(* Let $\lambda_1,\dots,\lambda_T\in\mathbb{R}$ and $\theta_1,\dots,\theta_T\ge 0$ with $\theta_T>0$ (in the paper $\lambda_t=\alpha_t\ell_t$ and $\theta_t=\alpha_t\rho_t$ are the weights of the mean and of the variance of $x_t$). Consider the problem $$\max_{\text{admissible }(u_0,\dots,u_{T-1})}\ \sum_{t=1}^{T}\big[\lambda_t\,\mathbb{E}(x_t)-\theta_t\,\mathrm{Var}(x_t)\big]$$ subject to $x_{t+1}=s_tx_t+P_t'u_t$, $t=0,\dots,T-1$. Define backward recursions by $p_T=\theta_T$, $q_T=\lambda_T$ and, for $t=T-1,\dots,1$, $$p_t=\theta_t+s_t^2(1-B_t)p_{t+1},\qquad q_t=\lambda_t+s_tq_{t+1}.$$ Then $p_t>0$ for all $t$. Define the deterministic sequence $\bar x_0=x_0$ and $$\bar x_{t+1}=s_t\bar x_t+\frac{q_{t+1}}{2p_{t+1}}\cdot\frac{B_t}{1-B_t},\qquad t=0,\dots,T-1.$$ Equivalently, $$\bar x_t=x_0\prod_{k=0}^{t-1}s_k+\sum_{j=0}^{t-1}\frac{q_{j+1}}{2p_{j+1}}\cdot\frac{B_j}{1-B_j}\prod_{l=j+1}^{t-1}s_l .$$ Then the feedback strategy $$u_t^*=-s_t\,(x_t-\bar x_t)\,K_t+\frac{q_{t+1}}{2p_{t+1}}\cdot\frac{K_t}{1-B_t},\qquad t=0,\dots,T-1,$$ is optimal for this problem. Moreover, under $u^*$ the following hold for every $t$: - $\mathbb{E}(x_t)=\bar x_t$; - $u_t^*-\mathbb{E}(u_t^* )=-s_t\big(x_t-\mathbb{E}(x_t)\big)K_t$; - $\mathbb{E}(u_t^* )=\frac{q_{t+1}}{2p_{t+1}}\cdot\frac{K_t}{1-B_t}$.
   Context: Market model. Fix integers $T\ge1$ and $n\ge1$. For $t=0,\dots,T-1$ the following are given: - a deterministic riskless gross return $s_t>1$; - a random excess-return vector $P_t\in\mathbb{R}^n$, where $P_t^i=e_t^i-s_t$ and $e_t^i$ is the gross return of risky asset $i$. The vectors $P_0,\dots,P_{T-1}$ are independent and square integrable. Write $M_t=\mathbb{E}(P_tP_t')$ and $m_t=\mathbb{E}(P_t)$, and assume $M_t$ is positive definite. Set $$B_t=m_t'M_t^{-1}m_t,\qquad K_t=M_t^{-1}m_t\in\mathbb{R}^n,$$ and assume $0<B_t<1$ for all $t$ (in the paper $B_t<1$ follows from positive definiteness of the return covariance, and $B_t>0$ holds when $m_t\ne0$). Wealth and strategies. The initial wealth $x_0\in\mathbb{R}$ is deterministic, and the wealth evolves as $x_{t+1}=s_tx_t+P_t'u_t$, where $u_t\in\mathbb{R}^n$ is the vector of amounts invested in the risky assets during period $t$. A strategy $(u_0,\dots,u_{T-1})$ is admissible if each $u_t$ is square integrable and measurable with respect to $\mathcal{F}_t=\sigma(P_0,\dots,P_{t-1})$ ($\mathcal{F}_0$ trivial); in particular $u_t$ is independent of $P_t$. Conventions: $\mathrm{Var}$ denotes variance, an empty product equals $1$, and an empty sum equals $0$. *)

theory Defs
  imports "HOL-Probability.Probability"
begin
(* In a strongly causal OPT, let $\rho\in\mathsf{St}_1(\mathrm{A})$ and $\mathcal C\in\mathsf{Tr}_1(\mathrm{A}\to\mathrm{A})$. (i) If every state of the theory has a purification, then $F(\rho,\mathcal C)=\inf_{\Phi\in P_\rho}F[\Phi,(\mathcal C\boxtimes\mathcal I)(\Phi)]^2$. (ii) If moreover the theory satisfies essential uniqueness of purification and atomicity of parallel composition of states, then $F(\rho,\mathcal C)=F[\Phi,(\mathcal C\boxtimes\mathcal I)(\Phi)]^2$ for every $\Phi\in P_\rho$.
   Context: Framework (operational probabilistic theory, OPT): each system $\mathrm{A}$ has states $\mathsf{St}(\mathrm{A})$ (normalized ones $\mathsf{St}_1(\mathrm{A})$), effects $\mathsf{Eff}(\mathrm{A})$, transformations $\mathsf{Tr}(\mathrm{A}\to\mathrm{B})$ (channels $\mathsf{Tr}_1$), sequential ($\circ$) and parallel ($\boxtimes$) composition, pairing $(a|\rho)$. Strong causality: for every test $\{\mathcal A_i\}$ and tests $\{\mathcal B^i_j\}_j$, $\{\mathcal B^i_j\circ\mathcal A_i\}$ is a test; unique deterministic effect $e_{\mathrm{A}}$. A state is pure if its only refinements (collections of states in a preparation test summing to it) are of the form $\lambda_i\rho$. A dilation of $\rho\in\mathsf{St}(\mathrm{A})$ is $\Psi\in\mathsf{St}(\mathrm{A}\mathrm{C})$ with $(\mathcal I_{\mathrm{A}}\boxtimes e_{\mathrm{C}})\Psi=\rho$; $D_\rho$ the set of dilations; a purification is a pure dilation; $P_\rho$ the set of purifications. Essential uniqueness of purification: for every $\rho$ with $P_\rho\ne\emptyset$ and all $\Phi,\Psi\in P_\rho\cap\mathsf{St}(\mathrm{A}\mathrm{B})$ there is a reversible $\mathcal U\in\mathsf{Tr}_1(\mathrm{B}\to\mathrm{B})$ with $\Psi=(\mathcal I_{\mathrm{A}}\boxtimes\mathcal U)\Phi$. Atomicity of parallel composition of states: $\phi\boxtimes\psi$ is pure whenever $\phi,\psi$ are pure. Fidelity: for $\rho,\sigma\in\mathsf{St}_1(\mathrm{A})$, $F(\rho,\sigma):=\inf_{\{a_i\}}\sum_i\sqrt{(a_i|\rho)(a_i|\sigma)}$, infimum over observation tests $\{a_i\}$ of $\mathrm{A}$. Correlation fidelity: $F(\rho,\mathcal C):=\inf_{\Psi\in D_\rho}F[\Psi,(\mathcal C\boxtimes\mathcal I)(\Psi)]^2$. *)

theory Defs
  imports Complex_Main "HOL-Library.Multiset"
begin

text \<open>
Systems are finite lists of elementary systems: composition of systems is list
append and the trivial system I is the empty list (strict monoidal structure).
Events (transformations) live in a single carrier type 'e and are typed by
the set-valued map Ev A B = Tr(A -> B).  Tests are finite lists of events
(outcome-indexed).  cmp g f is the sequential composition g o f, tns f g the
parallel composition f (x) g, idt A the identity, swp A B the swap A B -> B A,
and prob assigns to every event of type I -> I its probability.
\<close>

record ('s, 'e) opt =
  Ev    :: "'s list \<Rightarrow> 's list \<Rightarrow> 'e set"
  Tests :: "'s list \<Rightarrow> 's list \<Rightarrow> 'e list set"
  cmp   :: "'e \<Rightarrow> 'e \<Rightarrow> 'e"
  tns   :: "'e \<Rightarrow> 'e \<Rightarrow> 'e"
  idt   :: "'s list \<Rightarrow> 'e"
  swp   :: "'s list \<Rightarrow> 's list \<Rightarrow> 'e"
  prob  :: "'e \<Rightarrow> real"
+--
_What to work on_:
When the string "lists" appears in a line of the records above, that line is to be copied.

_Completed task_:
Systems are finite lists of elementary systems: composition of systems is list
the set-valued map Ev A B = Tr(A -> B).  Tests are finite lists of events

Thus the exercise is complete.